The comment in an earlier post about a certain segment of the fans wanting nothing but the same actors in the same clothes is very true. I personally would like to see TOS continued as if BSG1980 never happened. The TOS cast however would be too old to reprise their roles. I would like to see new actors playing the old roles as if TOS ended yesterday. It would probably need to be a bit darker and more mature but it would have made a better transition for the majority of older fans. I think in a way Moore is doing just that. Changing the names and some of the Egyptian memorabilla may have fired up a small segment of the current fan base but it also took the expectation monkey off the backs of the current actors.
And got my information about "Return of Starbuck" straight from him. Whether they were using the premise from "Hell in the Pacific" or not, Glen specifically wanted to end on an episode that was a return to the spirit of "Galactica" and what he wished it could have continued to be. He was not happy that Universal imposed a "dumbing down" to fit family hour and while the whole slant of "1980" and setting it on earth was to do it cheap, I really doubt that the thinking behind this episode had solely to doing something easy "in the desert". I doubt that mockup of the Raider ship and other effects in that episode were "cheap" to do. Glen's intention was to go out with a bang instead of a whimper, and I think he succeeded despite the failure of "1980"'s other content to many core fans.

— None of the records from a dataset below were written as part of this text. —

lemma bias_policy:
  assumes "\<forall>i<m. \<forall>j<n. trop_int_entry (A i j)" and "\<forall>i<m. \<forall>l<q. trop_int_entry (B i l)"
    and "\<forall>j<n. \<exists>i<m. A i j \<noteq> -\<infinity>" and "\<forall>i<m. \<exists>l<q. B i l \<noteq> -\<infinity>"
    and bias: "is_bias (shapley_F A B P m n q) n v lam"
  obtains g r where "\<And>j. j < n \<Longrightarrow> g j < q"
    and "\<And>j. j < n \<Longrightarrow> lam + v j = real_of_int (r j) + mat_vec P n v (g j)"
proof -
  have "\<exists>l<q. \<exists>r::int. lam + v j = real_of_int r + mat_vec P n v l" if "j < n" for j
    using bias that unfolding is_bias_def shapley_F_def
    by (intro trop_adj_mult_value[OF assms(1-4) that]) blast
  then have "\<forall>j\<in>{..<n}. \<exists>lr. fst lr < q \<and> lam + v j = real_of_int (snd lr) + mat_vec P n v (fst lr)"
    by fastforce
  from bchoice[OF this] obtain f
    where "\<forall>j\<in>{..<n}. fst (f j) < q \<and> lam + v j = real_of_int (snd (f j)) + mat_vec P n v (fst (f j))"
    by blast
  then show ?thesis using that[of "fst \<circ> f" "snd \<circ> f"] by simp
qed
(* Let $\mathfrak{g}$ be a complex simply-laced symmetrizable Kac–Moody algebra with index set $I$ and Cartan matrix $(a_{i,j})$, and let $\lambda,\mu$ be dominant integral weights. Let $(i_1,\ldots,i_t)\in I^t$ with $i_p\ne i_q$ for $p\ne q$, and let $b_1,\ldots,b_t$ be nonnegative integers. Then $x=f_{i_1}^{b_1}\cdots f_{i_t}^{b_t}\pi_\lambda$ is nonzero and $\mu$-dominant if and only if \[ \lambda(\alpha_{i_t}^\vee)\ge b_t,\qquad \mu(\alpha_{i_1}^\vee)\ge b_1, \] \[ \mu(\alpha_{i_r}^\vee)\ge b_r+\sum_{s<r} b_s a_{i_s,i_r}\ \text{ for all }1<r\le t,\qquad \lambda(\alpha_{i_r}^\vee)\ge b_r+\sum_{s>r} b_s a_{i_s,i_r}\ \text{ for all }1\le r<t. \]
   Context: Simply laced: $a_{i,i}=2$, $a_{i,j}\in\{0,-1\}$ for $i\ne j$. $B(\lambda)$ is Kashiwara's crystal of the irreducible integrable highest weight module $V(\lambda)$, with operators $e_i,f_i$ valued in $B(\lambda)\sqcup\{0\}$ and highest weight element $\pi_\lambda$; the monomial means $f_{i_t}^{b_t}$ is applied first. An element $\pi\in B(\lambda)$ is called $\mu$-dominant if $e_i^{\mu(\alpha_i^\vee)+1}\pi=0$ for all $i\in I$. *)

theory Defs
  imports Main "HOL-Analysis.Analysis"
begin

definition simply_laced :: "('i \<Rightarrow> 'i \<Rightarrow> int) \<Rightarrow> bool" where
  "simply_laced A \<longleftrightarrow> (\<forall>i. A i i = 2) \<and> (\<forall>i j. i \<noteq> j \<longrightarrow> A i j \<in> {0, -1}) \<and> (\<forall>i j. A i j = A j i)"

definition dominant_integral :: "('i \<Rightarrow> 'v \<Rightarrow> real) \<Rightarrow> 'v \<Rightarrow> bool" where
  "dominant_integral coroot lam \<longleftrightarrow> (\<forall>i. coroot i lam \<in> \<nat>)"

definition sref :: "('i \<Rightarrow> 'v::real_vector) \<Rightarrow> ('i \<Rightarrow> 'v \<Rightarrow> real) \<Rightarrow> 'i \<Rightarrow> 'v \<Rightarrow> 'v" where
  "sref alpha coroot i v = v - coroot i v *\<^sub>R alpha i"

I don't doubt that LArson wanted to go in a "darker" direction, I have heard rumors that the second season would have focused on the death of Sheba and Apollo's withdrawel from command from being wracked with guilt. But these are LOGICAL story progressions into "dark" territory, not forced stuff to be "edgy and controversial". What makes you think fans don't want to see "dark"? It's like the "Empire Strikes Back" - "dark" is great, as long as it serves the story and characters, and I think what DeSanto was planning was a more logical progression into mature themes than Moore's "Battlestar Craptacular".